K-Means initially divides the data into *k* random clusters. Then it reassigns data points to the nearest cluster mean, updates the means, and repeats this process until no further reassignments are needed.
### How many clusters should I choose for K-Means?
You can try different values of *k* and assess which provides the best results. There is no correct number of clusters, since we do not know the natural grouping of the data. It all depends on the context.
### Why is it important to set a seed for K-Means?
Since K-Means begins with a random division of data into clusters, setting a seed allows you to control this randomness.
### Why did you scale the dataset in the lecture?
When a dataset contains variables with different scales, scaling ensures that each variable contributes equally to the distance measure.
### Why do we use a `table`?
We use a table to compare groupings, either between the true grouping variable and the clustering method, or between two clustering methods.
### What is label switching?
Cluster labels themselves don't carry meaning. You can rename them, which is particularly useful when creating a two-way table to ensure large values appear on the diagonal.
### Why do we check group means?
Checking group means helps us understand whether the cluster centers are far apart.

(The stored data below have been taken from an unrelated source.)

lemma f'_lambda_of_le_neg_kappa:
  fixes f f' :: "real \<Rightarrow> real"
  assumes f'_cont: "continuous_on {0..<R} f'" and f'0: "f' 0 = -1"
    and \<kappa>: "kappa_of f R < 1" and R: "0 < R" and lam: "lambda_of f f' R < R"
  shows "f' (lambda_of f f' R) \<le> - kappa_of f R"
proof -
  define T where "T = {t. 0 \<le> t \<and> t < R \<and> kappa_of f R + f' t < 0}"
  have lam_def: "lambda_of f f' R = Sup T" by (simp add: lambda_of_def T_def)
  have "0 \<in> T" using \<kappa> f'0 R by (auto simp: T_def)
  have bdd: "bdd_above T" by (auto simp: T_def intro: bdd_aboveI[of _ R])
  let ?C = "{t \<in> {0..lambda_of f f' R}. f' t \<le> - kappa_of f R}"
  have "closed ?C"
    using lam by (intro continuous_on_closed_Collect_le continuous_on_subset[OF f'_cont] continuous_intros) auto
  moreover have "T \<subseteq> ?C" using cSup_upper[OF _ bdd] by (auto simp: T_def lam_def)
  ultimately have "Sup T \<in> ?C" using closed_subset_contains_Sup \<open>0 \<in> T\<close> bdd by blast
  then show ?thesis by (simp add: lam_def)
qed

lemma convex_on_slope_le_left_deriv:
  fixes g :: "real \<Rightarrow> real"
  assumes convex: "convex_on {a..<b} g" and l: "a < l" "l < b" and u: "a \<le> u" "u < l"
  shows "(g u - g l) / (u - l) \<le> left_deriv g l"
proof -
  define q where "q v = (g v - g l) / (v - l)" for v
  define w where "w = (l + b) / 2"
  have w: "l < w" "w < b" using l by (auto simp: w_def)
  have q_le: "q v \<le> (g l - g w) / (l - w)" if "a \<le> v" "v < l" for v
  proof -
    have "q v \<le> (g v - g w) / (v - w)"
      unfolding q_def by (rule convex_on_slope_le(1)[OF convex]) (use that w in auto)
    also have "\<dots> \<le> (g l - g w) / (l - w)"
      by (rule convex_on_slope_le(2)[OF convex]) (use that w in auto)
    finally show ?thesis .
  qed
  have q_mono: "q v \<le> q v'" if "a \<le> v" "v < v'" "v' < l" for v v'
    unfolding q_def by (rule convex_on_slope_le(2)[OF convex]) (use that l in auto)
  define L where "L = Sup (q ` {a..<l})"
  have ne: "q ` {a..<l} \<noteq> {}" using l by auto
  have bdd: "bdd_above (q ` {a..<l})" using q_le by (auto intro!: bdd_aboveI2)
  have "(q \<longlongrightarrow> L) (at_left l)"
  proof (rule increasing_tendsto)
    show "\<forall>\<^sub>F v in at_left l. q v \<le> L"
      using eventually_at_left_real[OF l(1)]
      by eventually_elim (auto simp: L_def intro!: cSup_upper[OF _ bdd])
  next
    fix c assume "c < L"
    then obtain v where v: "a \<le> v" "v < l" "c < q v"
      unfolding L_def using less_cSupD[OF ne] by (metis atLeastLessThan_iff imageE)
    show "\<forall>\<^sub>F v' in at_left l. c < q v'"
      using eventually_at_left_real[OF v(2)]
      by eventually_elim (use q_mono[of v] v in force)
  qed
  then have "left_deriv g l = L" unfolding left_deriv_def q_def by (intro tendsto_Lim) auto
  then show ?thesis using cSup_upper[OF _ bdd, of "q u"] u by (auto simp: L_def q_def)
qed
lemma hom_on_diff: "x \<in> E \<Longrightarrow> y \<in> E \<Longrightarrow> \<tau> (x - y) = \<tau> x - \<tau> y"
  using hom_on_add[of x "- y"] hom_on_uminus[of y] subfield_uminus[OF E] by simp

lemma hom_on_inverse: "x \<in> E \<Longrightarrow> \<tau> (inverse x) = inverse (\<tau> x)"
proof (cases "x = 0")
  case False
  assume x: "x \<in> E"
  have "\<tau> x * \<tau> (inverse x) = 1"
    using hom_on_mult[OF x subfield_inverse[OF E x]] False hom_on_1 by simp
  then show ?thesis
    by (metis inverse_unique)
qed (simp add: hom_on_0)

lemma hom_on_eq_0_iff: "x \<in> E \<Longrightarrow> \<tau> x = 0 \<longleftrightarrow> x = 0"
  using hom_on_inverse[of x] hom_on_mult[of x "inverse x"] subfield_inverse[OF E] hom_on_1 hom_on_0
  by (cases "x = 0") auto

lemma inj_on_hom_on: "inj_on \<tau> E"
proof (rule inj_onI)
  fix x y
  assume "x \<in> E" "y \<in> E" "\<tau> x = \<tau> y"
  then have "\<tau> (x - y) = 0"
    by (simp add: hom_on_diff)
  then show "x = y"
    using hom_on_eq_0_iff[of "x - y"] subfield_diff[OF E] \<open>x \<in> E\<close> \<open>y \<in> E\<close> by simp
qed

lemma hom_on_of_int: "\<tau> (of_int n) = of_int n"
  by (induction n rule: int_induct[where k = 0])
    (simp_all add: hom_on_0 hom_on_add hom_on_diff hom_on_1 subfield_of_int[OF E] subfield_1[OF E])

lemma hom_on_sum: "(\<And>i. i \<in> I \<Longrightarrow> f i \<in> E) \<Longrightarrow> \<tau> (sum f I) = (\<Sum>i\<in>I. \<tau> (f i))"
  by (induction I rule: infinite_finite_induct) (auto simp: hom_on_0 hom_on_add subfield_sum[OF E])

This is an important criterion for determining cluster quality.
### Why do we check clusters using a tour?
It’s important to visualize clusters in the data space to ensure they are meaningful. Refer to slide 30 for more details.

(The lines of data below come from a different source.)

(* Suppose the regularity conditions hold: $n_i(1)>0$ and $n_i(0)>0$ for every link $i\in E$, and $\sum_{j\in F_i}n_j(1)<\sum_{j\in B_i}n_j(1)$ for every non-root link $i\notin\mathscr S$. Then for every non-root link $i$ the equation $x=\prod_{j\in B_i}\big[(1-r_j)+r_jx\big]$ has a unique solution $\hat\pi_i\in(0,1)$, and the system $$\xi_i=(1-r_i)+r_i\cdot\mathbf 1(i\notin\mathscr S)\cdot\prod_{j\in B_i}\xi_j,\qquad i\in E,$$ has a unique solution $\hat\xi\in(0,1)^m$, given by $\hat\xi_i=1-r_i$ for $i\in\mathscr S$ and $\hat\xi_i=(1-r_i)+r_i\hat\pi_i$ otherwise. If in addition $\hat\xi\in\Xi$, then $\hat\theta=\Gamma^{-1}(\hat\xi)\in\Theta$ is the maximum likelihood estimate of $\theta$ over $\Theta$.
   Context: Network: a finite set of directed links $E=\{1,\dots,m\}$ between nodes, forming a directed acyclic graph. For a link $i$, $C_i$ is the set of links whose tail is the head of $i$ (child links); $B_i$ is the set of links having the same tail as $i$ (brother links, including $i$ itself); $F_i$ is the set of links whose head is the tail of $i$ (parent links). A link $i$ is a leaf link if $C_i=\emptyset$; $R_i$ is the set of leaf links that are descendants of $i$ (including $i$ itself if $i$ is a leaf). The network is covered by $K\ge1$ multicast trees $T_1,\dots,T_K$: $T_k$ has a root link $S_k$ whose tail is a source node with no incoming link ($F_{S_k}=\emptyset$); its link set $E_k$ consists of $S_k$ and all descendants of $S_k$; every link $i\in E_k\setminus\{S_k\}$ has exactly one parent link in $E_k$, denoted $f^{(k)}_i\in F_i\cap E_k$; every link belongs to some $E_k$; each root link $S_k$ belongs only to $E_k$. $\mathscr S=\{S_1,\dots,S_K\}$. Loss model: each link $i$ has loss rate $\theta_i$, $\theta\in\Theta=(0,1)^m$. From the source of tree $T_k$, $n_k$ probes are sent; $X^{(k,t)}_i=1$ if probe $t$ of tree $k$ reached the head of link $i\in E_k$; a probe at the tail of link $i$ traverses it with probability $1-\theta_i$, independently across links, probes and trees; a probe not at the tail of $i$ does not reach its head; only $X^{(k,t)}_r$ for leaf links $r$ are observed. The maximum likelihood estimate is the maximizer over $\Theta$ of the log-probability of the observed data. Internal views: $Y^{(k,t)}_i=\max_{r\in R_i}X^{(k,t)}_r$ for $i\in E_k$; $n_{k,i}(1)=\sum_{t=1}^{n_k}Y^{(k,t)}_i$ for $i\in E_k$ and $0$ otherwise; $n_{k,S_k}(0)=n_k-n_{k,S_k}(1)$, $n_{k,i}(0)=n_{k,f^{(k)}_i}(1)-n_{k,i}(1)$ for $i\in E_k\setminus\{S_k\}$, and $0$ for $i\notin E_k$; $n_i(1)=\sum_k n_{k,i}(1)$, $n_i(0)=\sum_k n_{k,i}(0)$; $r_i=n_i(1)/(n_i(1)+n_i(0))$. Parameter map: $\xi_i(\theta)=\theta_i$ for leaf $i$ and $\xi_i(\theta)=\theta_i+(1-\theta_i)\prod_{j\in C_i}\xi_j(\theta)$ otherwise (recursively from the leaves); $\Gamma(\theta)=(\xi_i(\theta))_i$; $\Xi=\Gamma(\Theta)=\{\xi\in(0,1)^m:\xi_i>\prod_{j\in C_i}\xi_j$ for every non-leaf $i\}$; $\Gamma^{-1}(\xi)_i=\xi_i$ for leaf $i$ and $\Gamma^{-1}(\xi)_i=(\xi_i-\prod_{j\in C_i}\xi_j)/(1-\prod_{j\in C_i}\xi_j)$ otherwise. *)

theory Defs
  imports Complex_Main
begin

text \<open>Links are the elements of a finite type 'e (so E = UNIV); nodes have type 'v.
  Trees are indexed by k < K; S k is the root link of tree k.\<close>

definition children :: "('e \<Rightarrow> 'v) \<Rightarrow> ('e \<Rightarrow> 'v) \<Rightarrow> 'e \<Rightarrow> 'e set" where
  "children tail head i = {j. tail j = head i}"

definition brothers :: "('e \<Rightarrow> 'v) \<Rightarrow> 'e \<Rightarrow> 'e set" where
  "brothers tail i = {j. tail j = tail i}"

definition parents :: "('e \<Rightarrow> 'v) \<Rightarrow> ('e \<Rightarrow> 'v) \<Rightarrow> 'e \<Rightarrow> 'e set" where
  "parents tail head i = {j. head j = tail i}"

definition is_leaf :: "('e \<Rightarrow> 'v) \<Rightarrow> ('e \<Rightarrow> 'v) \<Rightarrow> 'e \<Rightarrow> bool" where
  "is_leaf tail head i \<longleftrightarrow> children tail head i = {}"

definition child_rel :: "('e \<Rightarrow> 'v) \<Rightarrow> ('e \<Rightarrow> 'v) \<Rightarrow> ('e \<times> 'e) set" where
  "child_rel tail head = {(i, j). j \<in> children tail head i}"

definition desc :: "('e \<Rightarrow> 'v) \<Rightarrow> ('e \<Rightarrow> 'v) \<Rightarrow> 'e \<Rightarrow> 'e set" where
  "desc tail head i = {j. (i, j) \<in> (child_rel tail head)\<^sup>*}"

definition leaf_desc :: "('e \<Rightarrow> 'v) \<Rightarrow> ('e \<Rightarrow> 'v) \<Rightarrow> 'e \<Rightarrow> 'e set" where
  "leaf_desc tail head i = {r \<in> desc tail head i. is_leaf tail head r}"

definition tree_links :: "('e \<Rightarrow> 'v) \<Rightarrow> ('e \<Rightarrow> 'v) \<Rightarrow> (nat \<Rightarrow> 'e) \<Rightarrow> nat \<Rightarrow> 'e set" where
  "tree_links tail head S k = desc tail head (S k)"

definition tparent :: "('e \<Rightarrow> 'v) \<Rightarrow> ('e \<Rightarrow> 'v) \<Rightarrow> (nat \<Rightarrow> 'e) \<Rightarrow> nat \<Rightarrow> 'e \<Rightarrow> 'e" where
  "tparent tail head S k i = (THE j. j \<in> parents tail head i \<and> j \<in> tree_links tail head S k)"

definition roots :: "(nat \<Rightarrow> 'e) \<Rightarrow> nat \<Rightarrow> 'e set" where
  "roots S K = S ` {..<K}"

definition multicast_network ::
  "('e::finite \<Rightarrow> 'v) \<Rightarrow> ('e \<Rightarrow> 'v) \<Rightarrow> nat \<Rightarrow> (nat \<Rightarrow> 'e) \<Rightarrow> bool" where
  "multicast_network tail head K S \<longleftrightarrow>
     K \<ge> 1 \<and>
     acyclic {(tail e, head e) | e. True} \<and>
     (\<forall>k<K. parents tail head (S k) = {}) \<and>
     (\<forall>k<K. \<forall>i \<in> tree_links tail head S k - {S k}.
        (\<exists>!j. j \<in> parents tail head i \<and> j \<in> tree_links tail head S k)) \<and>
     (\<forall>i. \<exists>k<K. i \<in> tree_links tail head S k) \<and>
     (\<forall>k<K. \<forall>l<K. S k \<in> tree_links tail head S l \<longrightarrow> l = k)"

text \<open>Loss model. For tree k and a set A of links whose heads the probe reached
  (A \<subseteq> E_k), the factor contributed by link i \<in> E_k.\<close>
definition link_factor ::
  "('e \<Rightarrow> 'v) \<Rightarrow> ('e \<Rightarrow> 'v) \<Rightarrow> (nat \<Rightarrow> 'e) \<Rightarrow> ('e \<Rightarrow> real) \<Rightarrow> nat \<Rightarrow> 'e set \<Rightarrow> 'e \<Rightarrow> real" where
  "link_factor tail head S \<theta> k A i =
     (if i = S k \<or> tparent tail head S k i \<in> A
      then (if i \<in> A then 1 - \<theta> i else \<theta> i)
      else (if i \<in> A then 0 else 1))"

definition obs_prob ::
  "('e::finite \<Rightarrow> 'v) \<Rightarrow> ('e \<Rightarrow> 'v) \<Rightarrow> (nat \<Rightarrow> 'e) \<Rightarrow> ('e \<Rightarrow> real) \<Rightarrow> nat \<Rightarrow> 'e set \<Rightarrow> real" where
  "obs_prob tail head S \<theta> k Ob =
     (\<Sum>A \<in> {A. A \<subseteq> tree_links tail head S k \<and> {r \<in> A. is_leaf tail head r} = Ob}.
        \<Prod>i \<in> tree_links tail head S k. link_factor tail head S \<theta> k A i)"

text \<open>obs k t = set of leaf links reached by probe t (t < n k) of tree k.\<close>
definition loglik ::
  "('e::finite \<Rightarrow> 'v) \<Rightarrow> ('e \<Rightarrow> 'v) \<Rightarrow> nat \<Rightarrow> (nat \<Rightarrow> 'e) \<Rightarrow> (nat \<Rightarrow> nat)
     \<Rightarrow> (nat \<Rightarrow> nat \<Rightarrow> 'e set) \<Rightarrow> ('e \<Rightarrow> real) \<Rightarrow> real" where
  "loglik tail head K S n obs \<theta> =
     (\<Sum>k<K. \<Sum>t<n k. ln (obs_prob tail head S \<theta> k (obs k t)))"

definition Theta :: "('e \<Rightarrow> real) set" where
  "Theta = {\<theta>. \<forall>i. 0 < \<theta> i \<and> \<theta> i < 1}"

definition is_MLE ::
  "('e::finite \<Rightarrow> 'v) \<Rightarrow> ('e \<Rightarrow> 'v) \<Rightarrow> nat \<Rightarrow> (nat \<Rightarrow> 'e) \<Rightarrow> (nat \<Rightarrow> nat)
     \<Rightarrow> (nat \<Rightarrow> nat \<Rightarrow> 'e set) \<Rightarrow> ('e \<Rightarrow> real) \<Rightarrow> bool" where
  "is_MLE tail head K S n obs \<theta>h \<longleftrightarrow>
     \<theta>h \<in> Theta \<and> (\<forall>\<theta> \<in> Theta. loglik tail head K S n obs \<theta> \<le> loglik tail head K S n obs \<theta>h)"

definition nk1 ::
  "('e::finite \<Rightarrow> 'v) \<Rightarrow> ('e \<Rightarrow> 'v) \<Rightarrow> (nat \<Rightarrow> 'e) \<Rightarrow> (nat \<Rightarrow> nat)
     \<Rightarrow> (nat \<Rightarrow> nat \<Rightarrow> 'e set) \<Rightarrow> nat \<Rightarrow> 'e \<Rightarrow> nat" where
  "nk1 tail head S n obs k i =
     (if i \<in> tree_links tail head S k
      then card {t. t < n k \<and> (\<exists>r \<in> leaf_desc tail head i. r \<in> obs k t)}
      else 0)"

### Why do we need cluster statistics?
Although there is no definitive "correct" answer in clustering, we need to determine the final number of clusters. Cluster statistics help guide this decision.

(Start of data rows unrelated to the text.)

(* For every instance \(\mathcal{I}\) of 3-SAT, the graph \(G(\mathcal{I})\) constructed below is weakly chordal.
   Context: A graph is weakly chordal if neither it nor its complement contains an induced cycle of length at least 5. Let \(\mathcal{I}\) have variables \(x_1,\dots,x_k\) and clauses \(C_1,\dots,C_l\), each a disjunction of three literals. \(G(\mathcal{I})\) has vertices: literal vertices \(X=\{x_1,\dots,x_k,\overline{x_1},\dots,\overline{x_k}\}\), clause vertices \(c_1,\dots,c_l\), and six vertices \(r,p,q,a,b,t\). Edges: any two vertices of \(X\) are adjacent except the pairs \(x_j\overline{x_j}\); the clause vertices are pairwise nonadjacent; \(c_i\) is adjacent to every vertex of \(X\) except the three literal vertices of the literals of \(C_i\); each of \(r,p,q,a\) is adjacent to all literal vertices and all clause vertices; \(b\) is adjacent to all literal vertices; additionally the edges \(ab,ap,aq,bq,br,bt,pr,qr,qt\); no other edges. *)

theory Defs
  imports Main
begin

definition induced_cycle :: "'a set \<Rightarrow> ('a \<Rightarrow> 'a \<Rightarrow> bool) \<Rightarrow> 'a list \<Rightarrow> bool" where
  "induced_cycle V E cs \<longleftrightarrow>
     length cs \<ge> 3 \<and> distinct cs \<and> set cs \<subseteq> V \<and>
     (\<forall>i<length cs. \<forall>j<length cs. i \<noteq> j \<longrightarrow>
        (E (cs!i) (cs!j) \<longleftrightarrow> (j = Suc i mod length cs \<or> i = Suc j mod length cs)))"

definition complement_adj :: "('a \<Rightarrow> 'a \<Rightarrow> bool) \<Rightarrow> 'a \<Rightarrow> 'a \<Rightarrow> bool" where
  "complement_adj E u v \<longleftrightarrow> u \<noteq> v \<and> \<not> E u v"

definition weakly_chordal :: "'a set \<Rightarrow> ('a \<Rightarrow> 'a \<Rightarrow> bool) \<Rightarrow> bool" where
  "weakly_chordal V E \<longleftrightarrow>
     (\<forall>cs. induced_cycle V E cs \<longrightarrow> length cs < 5) \<and>
     (\<forall>cs. induced_cycle V (complement_adj E) cs \<longrightarrow> length cs < 5)"

text \<open>A literal is a pair (j, b): variable x_j if b = True, its negation if b = False.\<close>
type_synonym literal = "nat \<times> bool"

definition sat3_instance :: "nat \<Rightarrow> literal set list \<Rightarrow> bool" where
  "sat3_instance k C \<longleftrightarrow> (\<forall>c\<in>set C. card c = 3 \<and> (\<forall>(j, b)\<in>c. j < k))"

datatype vertex = Lit nat bool | Cl nat | R | P | Q | A | B | T
lemma continuous_max_form: "continuous_on UNIV max_form"
proof -
  have "continuous_on UNIV (l i)" for i
    using linear_l linear_continuous_on linear_conv_bounded_linear by blast
  then show ?thesis
    unfolding max_form_def[abs_def] using finite_I I_ne by (intro continuous_on_Max_finite)
qed

lemma max_form_descent:
  assumes "\<And>i. i \<in> active M \<Longrightarrow> l i E < 0"
  obtains t where "max_form (M + t *\<^sub>R E) < max_form M"
proof -
  have "\<forall>\<^sub>F t in at_right 0. l i (M + t *\<^sub>R E) < max_form M" if i: "i \<in> I" for i
  proof (cases "i \<in> active M")
    case True
    then have "l i (M + t *\<^sub>R E) = max_form M + t * l i E" for t
      by (simp add: active_def l_add l_scaleR)
    then show ?thesis
      using assms[OF True] eventually_at_right_less[of 0]
      by (auto elim!: eventually_mono simp: mult_pos_neg)
  next
    case False
    then have "l i M < max_form M"
      using i max_form_ge[OF i, of M] by (auto simp: active_def)
    moreover have "((\<lambda>t. l i M + t * l i E) \<longlongrightarrow> l i M + 0 * l i E) (at_right 0)"
      by (intro tendsto_intros)
    ultimately show ?thesis
      by (auto simp: l_add l_scaleR dest: order_tendstoD(2))
  qed
  then have "\<forall>\<^sub>F t in at_right 0. max_form (M + t *\<^sub>R E) < max_form M"
    using finite_I by (simp add: max_form_less_iff eventually_ball_finite)
  then show ?thesis
    using that eventually_happens' trivial_limit_at_right_real by blast
qed

end

locale affine_max_form_problem = finite_linear_forms I l
  for I :: "'i set" and l :: "'i \<Rightarrow> 'a::euclidean_space \<Rightarrow> real" +
  fixes A L :: "'a set"
  assumes subspace_L: "subspace L"
    and add_L: "M \<in> A \<Longrightarrow> E \<in> L \<Longrightarrow> M + E \<in> A"
    and separating: "E \<in> L \<Longrightarrow> (\<And>i. i \<in> I \<Longrightarrow> l i E = 0) \<Longrightarrow> E = 0"
begin

definition minimizer :: "'a \<Rightarrow> bool" where
  "minimizer M \<longleftrightarrow> M \<in> A \<and> (\<forall>M'\<in>A. max_form M \<le> max_form M')"

definition common_kernel :: "'i set \<Rightarrow> 'a set" where
  "common_kernel S = {E \<in> L. \<forall>i\<in>S. l i E = 0}"

lemma subspace_common_kernel: "subspace (common_kernel S)"
  using subspace_L unfolding subspace_def common_kernel_def by (auto simp: l_add l_scaleR l_zero)

lemma common_kernel_antimono: "S \<subseteq> T \<Longrightarrow> common_kernel T \<subseteq> common_kernel S"
  by (auto simp: common_kernel_def)

lemma dim_L_le_common_kernel: "finite S \<Longrightarrow> dim L \<le> dim (common_kernel S) + card S"
proof (induction S rule: finite_induct)
  case empty
  have "common_kernel {} = L"
    by (simp add: common_kernel_def)
  then show ?case by simp
next
  case (insert i S)
  have "common_kernel (insert i S) = common_kernel S \<inter> {E. l i E = 0}"
    by (auto simp: common_kernel_def)
  then have "dim (common_kernel S) \<le> dim (common_kernel (insert i S)) + 1"
    using dim_le_dim_Int_kernel[OF subspace_common_kernel linear_l] by simp
  then show ?case
    using insert by simp
qed

text \<open>By the dimension count each form of \<open>S\<close> is nonzero on the common kernel of the
  others; rescaled kernel vectors then form a dual basis.\<close>
lemma common_value_attained:
  assumes "finite S" "common_kernel S = {0}" "card S \<le> dim L"
  obtains E where "E \<in> L" "\<And>i. i \<in> S \<Longrightarrow> l i E = c"
proof -
  have "\<exists>E \<in> common_kernel (S - {s}). l s E \<noteq> 0" if s: "s \<in> S" for s
  proof -
    have "card (S - {s}) < card S"
      using s assms(1) by (rule card_Diff1_less[rotated])
    then have "0 < dim (common_kernel (S - {s}))"
      using dim_L_le_common_kernel[of "S - {s}"] assms(1,3) by simp
    then obtain E where E: "E \<in> common_kernel (S - {s})" "E \<noteq> 0"
      by (metis dim_eq_0 less_irrefl singletonI subsetI)
    then have "E \<notin> common_kernel S"
      using assms(2) by blast
    then show ?thesis
      using E(1) s by (auto simp: common_kernel_def)
  qed
  then obtain G where G: "\<And>s. s \<in> S \<Longrightarrow> G s \<in> common_kernel (S - {s}) \<and> l s (G s) \<noteq> 0"
    by metis
  define E where "E = (\<Sum>s\<in>S. (c / l s (G s)) *\<^sub>R G s)"
  show ?thesis
  proof (rule that)
    show "E \<in> L"
      unfolding E_def using G subspace_L
      by (intro subspace_sum subspace_scale) (auto simp: common_kernel_def)
  next
    fix i assume i: "i \<in> S"
    have "l i E = (\<Sum>s\<in>S. if s = i then c else 0)"
      unfolding E_def l_sum l_scaleR
      using G i by (intro sum.cong) (auto simp: common_kernel_def)
    then show "l i E = c"
      using i assms(1) by simp
  qed
qed

lemma card_active_of_minimizer:
  assumes M: "minimizer M" and trivial: "common_kernel (active M) = {0}"
  shows "dim L < card (active M)"
proof (rule ccontr)
  assume "\<not> dim L < card (active M)"
  then obtain E where E: "E \<in> L" "\<And>i. i \<in> active M \<Longrightarrow> l i E = -1"
    using common_value_attained[OF finite_active trivial] by (metis not_less)
  then obtain t where "max_form (M + t *\<^sub>R E) < max_form M"
    using max_form_descent by (metis neg_less_0_iff_less zero_less_one)
  moreover have "M + t *\<^sub>R E \<in> A"
    using M E(1) add_L subspace_L by (simp add: minimizer_def subspace_scale)
  ultimately show False
    using M by (auto simp: minimizer_def not_le[symmetric])
qed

### Why didn’t we cover the second type of hierarchical clustering?
There are two types of hierarchical clustering: agglomerative (bottom-up) and divisive (top-down). Agglomerative is faster, and divisive is slower. We only covered agglomerative because it’s the default method in most statistical software.
### In brief, how does hierarchical clustering work?
First, calculate the distance matrix and choose a linkage method. Then, the two closest data points are merged. This process is repeated until all points are grouped into one cluster.
### What’s the difference between a distance measure and a linkage method?
A linkage method is a specialized distance measure. While a standard distance measure calculates dissimilarity between two points, a linkage method measures dissimilarity between two groups of points.
### Why can we obtain multiple clustering solutions from a dendrogram?
Different cluster solutions are possible depending on where the dendrogram is cut, yielding clusters of varying sizes.
### How should we appropriately cut the dendrogram?
To cut the tree appropriately, consider the tolerance of each solution. Tolerance is the vertical height between successive horizontal bars. For example, the height difference between the top two horizontal bars represents the tolerance for a 1-cluster solution, while the difference between the second and third bars gives the tolerance for a 2-cluster solution. The greater the tolerance, the more stable the solution. If two solutions have similar tolerances, both are valid. A solution with very small tolerance is likely not a reasonable choice.
### What are the general steps for hierarchical clustering?
Refer to the last slide for a summary of the steps.
### What’s the relationship between EDA and clustering?
While some forms of cluster analysis may not fall under EDA, clustering is typically considered a part of exploratory data analysis. It is used to uncover patterns or groupings in the data without making inferences about the population, a characteristic more aligned with inferential analysis.
### When should we use K-Means versus hierarchical clustering?
Use K-Means if you know the number of groups in your data. Hierarchical clustering is better suited if you suspect there’s a hierarchical structure in the data. K-Means tends to be faster since you can limit the number of iterations, but it depends on the random seed, so the solution isn't unique. In general, neither K-Means nor hierarchical clustering explains the meaning of the clusters—you’ll need to interpret the results to find the solution that makes the most sense and has practical relevance.